The service over, I went and asked permission to look over the Sisters' House: I had seen the Brothers' House at Zeist. It was past the hour for the admission of strangers; but the stewardess, as a special favour, conducted me from floor to floor, where long passages give access on either side to small sitting-rooms, workrooms, and one great bedroom; all scrupulously clean and comfortably furnished. The walls are white; but any sister is at liberty to have her own room papered at her own cost. I saw the chapel in which the inmates assemble for morning and evening thanksgiving;—the refectory where they all eat together;—the kitchen, pervaded by a savoury smell of supper;—and the ware-room in which are kept the gloves, caps, cuffs, and all sorts of devices in needlework produced by the diligent fingers of the sisters. There were some neither too bulky nor too heavy for my knapsack, and of these I bought a few for sedate friends in England.

The unmarried sisters, as the unmarried brothers, dwell in a house apart; and as they eat together, and purchase all articles of consumption in gross, the cost to each is but small. Two persons are placed in authority over each house; one to care for the spiritual, the other for the economical welfare of the inmates. There are, besides, separate houses for widowers and widows.

As the sun went down I strolled once more to the Gottesacker and dreamt away a twilight hour on the gallery of the pavilion. As the golden radiance vanished from off the face of the landscape, and the stillness became yet more profound, I thought that many a heart weary of battling with the world might find in the Work and Worship of Herrnhut a relief from despair, and a new ground for hopefulness.

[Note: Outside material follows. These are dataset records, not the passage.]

lemma prob_unique_max_ge:
  assumes i: "i \<in> {1..n}" and k: "1 \<le> k"
  shows "1 / 2 ^ k * (1 - 2 / 2 ^ k) ^ (n - 1)
    \<le> prob {\<omega> \<in> space M. X i \<omega> = 2 ^ k \<and> (\<forall>l\<in>{1..n} - {i}. X l \<omega> < 2 ^ k)}"
proof -
  define A where "A l = (if l = i then {2 ^ k} else {..<2 ^ k::real})" for l
  have "prob {\<omega> \<in> space M. X i \<omega> = 2 ^ k \<and> (\<forall>l\<in>{1..n} - {i}. X l \<omega> < 2 ^ k)}
      = prob (\<Inter>l\<in>{1..n}. X l -` A l \<inter> space M)"
    using i by (intro arg_cong[where f=prob]) (auto simp: A_def split: if_splits)
  also have "\<dots> = (\<Prod>l\<in>{1..n}. prob (X l -` A l \<inter> space M))"
    using i by (intro indep_varsD[OF indep_X]) (auto simp: A_def)
  also have "\<dots> = prob (X i -` A i \<inter> space M) * (\<Prod>l\<in>{1..n} - {i}. prob (X l -` A l \<inter> space M))"
    using i by (intro prod.remove) auto
  also have "prob (X i -` A i \<inter> space M) = 1 / 2 ^ k"
    using prob_X_eq_pow2[of i k] i k by (simp add: A_def vimage_def Int_def conj_commute)
  also have "(\<Prod>l\<in>{1..n} - {i}. 1 - 2 / 2 ^ k) \<le> (\<Prod>l\<in>{1..n} - {i}. prob (X l -` A l \<inter> space M))"
  proof (intro prod_mono conjI)
    fix l assume l: "l \<in> {1..n} - {i}"
    have "prob (X l -` A l \<inter> space M) = prob {\<omega> \<in> space M. X l \<omega> < 2 ^ k}"
      using l by (simp add: A_def vimage_def Int_def conj_commute)
    then show "1 - 2 / 2 ^ k \<le> prob (X l -` A l \<inter> space M)"
      using prob_X_less_pow2[of l k] l k by simp
    have "(2::real) / 2 ^ k \<le> 1" using k by (cases k) auto
    then show "0 \<le> 1 - (2::real) / 2 ^ k" by simp
  qed
  then have "1 / 2 ^ k * (1 - 2 / 2 ^ k) ^ (n - 1)
      \<le> 1 / 2 ^ k * (\<Prod>l\<in>{1..n} - {i}. prob (X l -` A l \<inter> space M))"
    using i by (intro mult_left_mono) auto
  finally show ?thesis by simp
qed

lemma prob_Xmax_eq_ge:
  assumes n: "1 \<le> n" and k: "1 \<le> k" and small: "4 * real n \<le> 2 ^ k"
  shows "real n / (2 * 2 ^ k) \<le> prob {\<omega> \<in> space M. Xmax X n \<omega> = 2 ^ k}"
proof -
  define D where "D i = {\<omega> \<in> space M. X i \<omega> = 2 ^ k \<and> (\<forall>l\<in>{1..n} - {i}. X l \<omega> < 2 ^ k)}" for i
  have Bernoulli: "1 / 2 \<le> (1 - 2 / 2 ^ k :: real) ^ (n - 1)"
  proof -
    have "(2::real) / 2 ^ k \<le> 1" using k by (cases k) auto
    then have "1 - 2 * real (n - 1) / 2 ^ k \<le> (1 - 2 / 2 ^ k :: real) ^ (n - 1)"
      using Bernoulli_inequality[of "- (2 / 2 ^ k) :: real" "n - 1"] by (simp add: mult.commute)
    moreover have "2 * real (n - 1) / 2 ^ k \<le> 1 / 2"
      using small n by (simp add: field_simps of_nat_diff)
    ultimately show ?thesis by linarith
  qed
  have "real n * (1 / 2 ^ k * (1 / 2)) \<le> real n * (1 / 2 ^ k * (1 - 2 / 2 ^ k) ^ (n - 1))"
    using Bernoulli by (intro mult_left_mono) auto
  also have "\<dots> = (\<Sum>i\<in>{1..n}. 1 / 2 ^ k * (1 - 2 / 2 ^ k) ^ (n - 1))" by simp
  also have "\<dots> \<le> (\<Sum>i\<in>{1..n}. prob (D i))"
    unfolding D_def using k by (intro sum_mono prob_unique_max_ge) auto
  also have "\<dots> = prob (\<Union>i\<in>{1..n}. D i)"
  proof (intro measure_finite_Union[symmetric])
    show "disjoint_family_on D {1..n}"
      unfolding disjoint_family_on_def D_def by force
  qed (auto simp: D_def)
  also have "\<dots> \<le> prob {\<omega> \<in> space M. Xmax X n \<omega> = 2 ^ k}"
  proof (intro finite_measure_mono subsetI)
    fix \<omega> assume "\<omega> \<in> (\<Union>i\<in>{1..n}. D i)"
    then obtain i where i: "i \<in> {1..n}" "\<omega> \<in> D i" by auto
    have "Xmax X n \<omega> = 2 ^ k"
      unfolding Xmax_def
    proof (rule Max_eqI)
      fix y assume "y \<in> (\<lambda>i. X i \<omega>) ` {1..n}"
      then show "y \<le> 2 ^ k" using i by (force simp: D_def)
    qed (use i in \<open>auto simp: D_def intro!: image_eqI[where x=i]\<close>)
    then show "\<omega> \<in> {\<omega> \<in> space M. Xmax X n \<omega> = 2 ^ k}" using i by (simp add: D_def)
  qed measurable
  finally show ?thesis by simp
qed

lemma prob_two_X_eq_le:
  assumes "1 \<le> k"
  shows "prob (\<Union>i\<in>{1..n}. \<Union>l\<in>{1..n} - {i}. {\<omega> \<in> space M. X i \<omega> = 2 ^ k \<and> X l \<omega> = 2 ^ k})
    \<le> (real n / 2 ^ k)\<^sup>2"
proof -
  have "prob (\<Union>i\<in>{1..n}. \<Union>l\<in>{1..n} - {i}. {\<omega> \<in> space M. X i \<omega> = 2 ^ k \<and> X l \<omega> = 2 ^ k})
      \<le> (\<Sum>i\<in>{1..n}. \<Sum>l\<in>{1..n} - {i}. prob {\<omega> \<in> space M. X i \<omega> = 2 ^ k \<and> X l \<omega> = 2 ^ k})"
    by (intro order_trans[OF finite_measure_subadditive_finite] sum_mono finite_measure_subadditive_finite) auto
  also have "\<dots> = (\<Sum>i\<in>{1..n}. \<Sum>l\<in>{1..n} - {i}. 1 / 2 ^ k * (1 / 2 ^ k))"
  proof (intro sum.cong refl)
    fix i l assume "i \<in> {1..n}" "l \<in> {1..n} - {i}"
    then have "indep_var borel (X i) borel (X l)"
      using indep_var_X_X[of i l "\<lambda>x. x" "\<lambda>x. x"] by auto
    then have "prob {\<omega> \<in> space M. X i \<omega> = 2 ^ k \<and> X l \<omega> = 2 ^ k}
        = \<P>(\<omega> in M. X i \<omega> \<in> {2 ^ k}) * \<P>(\<omega> in M. X l \<omega> \<in> {2 ^ k})"
      by (subst prob_indep_random_variable[symmetric]) auto
    then show "prob {\<omega> \<in> space M. X i \<omega> = 2 ^ k \<and> X l \<omega> = 2 ^ k} = 1 / 2 ^ k * (1 / 2 ^ k)"
      using prob_X_eq_pow2[of i k] prob_X_eq_pow2[of l k] \<open>i \<in> {1..n}\<close> \<open>l \<in> {1..n} - {i}\<close> assms
      by simp
  qed
  also have "\<dots> \<le> (\<Sum>i\<in>{1..n}. \<Sum>l\<in>{1..n}. 1 / 2 ^ k * (1 / 2 ^ k))"
    by (intro sum_mono sum_mono2) auto
  also have "\<dots> = (real n / 2 ^ k)\<^sup>2" by (simp add: power2_eq_square)
  finally show ?thesis .
qed

lemma prob_max_deviation_le:
  assumes k: "1 \<le> k" and "0 < \<delta>"
  shows "prob (\<Union>i\<in>{1..n}. {\<omega> \<in> space M. X i \<omega> = 2 ^ k
      \<and> \<delta> \<le> \<bar>\<Sum>l\<in>{1..n} - {i}. trunc_pow2 k (X l \<omega>) - (real k - 1)\<bar>}) \<le> (real n / \<delta>)\<^sup>2"
proof -
  have "prob (\<Union>i\<in>{1..n}. {\<omega> \<in> space M. X i \<omega> = 2 ^ k
      \<and> \<delta> \<le> \<bar>\<Sum>l\<in>{1..n} - {i}. trunc_pow2 k (X l \<omega>) - (real k - 1)\<bar>})
    \<le> (\<Sum>i\<in>{1..n}. prob {\<omega> \<in> space M. X i \<omega> = 2 ^ k
      \<and> \<delta> \<le> \<bar>\<Sum>l\<in>{1..n} - {i}. trunc_pow2 k (X l \<omega>) - (real k - 1)\<bar>})"
    by (intro finite_measure_subadditive_finite) auto
  also have "\<dots> \<le> (\<Sum>i\<in>{1..n}. card ({1..n} - {i}) / \<delta>\<^sup>2)"
    using assms by (intro sum_mono prob_X_eq_deviation_le) auto
  also have "\<dots> \<le> (\<Sum>i\<in>{1..n}. real n / \<delta>\<^sup>2)"
    by (intro sum_mono divide_right_mono) (auto simp: card_Diff_singleton_if)
  finally show ?thesis by (simp add: power2_eq_square)
qed

lemma prob_ratio_deviation_le:
  assumes n: "1 \<le> n" and k: "1 \<le> k" and "0 < \<epsilon>"
    and centering: "\<bar>real (n - 1) * (real k - 1) / 2 ^ k - c\<bar> \<le> \<epsilon> / 2"
  shows "prob {\<omega> \<in> space M. \<epsilon> < \<bar>Ssum X n \<omega> / Xmax X n \<omega> - c - 1\<bar> \<and> Xmax X n \<omega> = 2 ^ k}
    \<le> (1 + 4 / \<epsilon>\<^sup>2) * (real n / 2 ^ k)\<^sup>2"
proof -
  define \<delta> :: real where "\<delta> = \<epsilon> * 2 ^ k / 2"
  define Ties where "Ties = (\<Union>i\<in>{1..n}. \<Union>l\<in>{1..n} - {i}. {\<omega> \<in> space M. X i \<omega> = 2 ^ k \<and> X l \<omega> = 2 ^ k})"
  define Deviates where "Deviates = (\<Union>i\<in>{1..n}. {\<omega> \<in> space M. X i \<omega> = 2 ^ k
      \<and> \<delta> \<le> \<bar>\<Sum>l\<in>{1..n} - {i}. trunc_pow2 k (X l \<omega>) - (real k - 1)\<bar>})"
  have "AE \<omega> in M. \<forall>l\<in>{1..n}. \<exists>t. X l \<omega> = 2 ^ Suc t"
    by (intro AE_finite_allI AE_X_pow2) auto
  then have "AE \<omega> in M. \<omega> \<in> {\<omega> \<in> space M. \<epsilon> < \<bar>Ssum X n \<omega> / Xmax X n \<omega> - c - 1\<bar> \<and> Xmax X n \<omega> = 2 ^ k}
      \<longrightarrow> \<omega> \<in> Ties \<union> Deviates"
  proof (rule eventually_mono, intro impI)
    fix \<omega> assume "\<forall>l\<in>{1..n}. \<exists>t. X l \<omega> = 2 ^ Suc t"
      and "\<omega> \<in> {\<omega> \<in> space M. \<epsilon> < \<bar>Ssum X n \<omega> / Xmax X n \<omega> - c - 1\<bar> \<and> Xmax X n \<omega> = 2 ^ k}"
    then show "\<omega> \<in> Ties \<union> Deviates"
      by (elim large_ratio_deviation_cases[OF n _ _ _ centering])
        (auto simp: Ties_def Deviates_def \<delta>_def)
  qed
  then have "prob {\<omega> \<in> space M. \<epsilon> < \<bar>Ssum X n \<omega> / Xmax X n \<omega> - c - 1\<bar> \<and> Xmax X n \<omega> = 2 ^ k}
      \<le> prob (Ties \<union> Deviates)"
    by (rule finite_measure_mono_AE) (unfold Ties_def Deviates_def, measurable)
  also have "\<dots> \<le> prob Ties + prob Deviates"
    by (rule measure_Un_le) (unfold Ties_def Deviates_def, measurable)
  also have "\<dots> \<le> (real n / 2 ^ k)\<^sup>2 + (real n / \<delta>)\<^sup>2"
    unfolding Ties_def Deviates_def using k \<open>0 < \<epsilon>\<close>
    by (intro add_mono prob_two_X_eq_le prob_max_deviation_le) (auto simp: \<delta>_def)
  also have "\<dots> = (1 + 4 / \<epsilon>\<^sup>2) * (real n / 2 ^ k)\<^sup>2"
    using \<open>0 < \<epsilon>\<close> by (simp add: \<delta>_def field_simps power2_eq_square)
  finally show ?thesis .
qed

When I went back to the inn I found half a dozen grave-looking Brethren smoking a quiet pipe over a tankard of beer. We had some genial talk together while I ate my supper; but as ten o'clock approached they all withdrew. The doors were then fastened; and not a sound disturbed the stillness of the night. The watchers began their nightly duty; but they utter no cry as they go their rounds, leading a fierce dog by a thong, while three or four other dogs run at liberty. Should their aid be required in any house from sickness or other causes, a signal is given by candles placed in the window.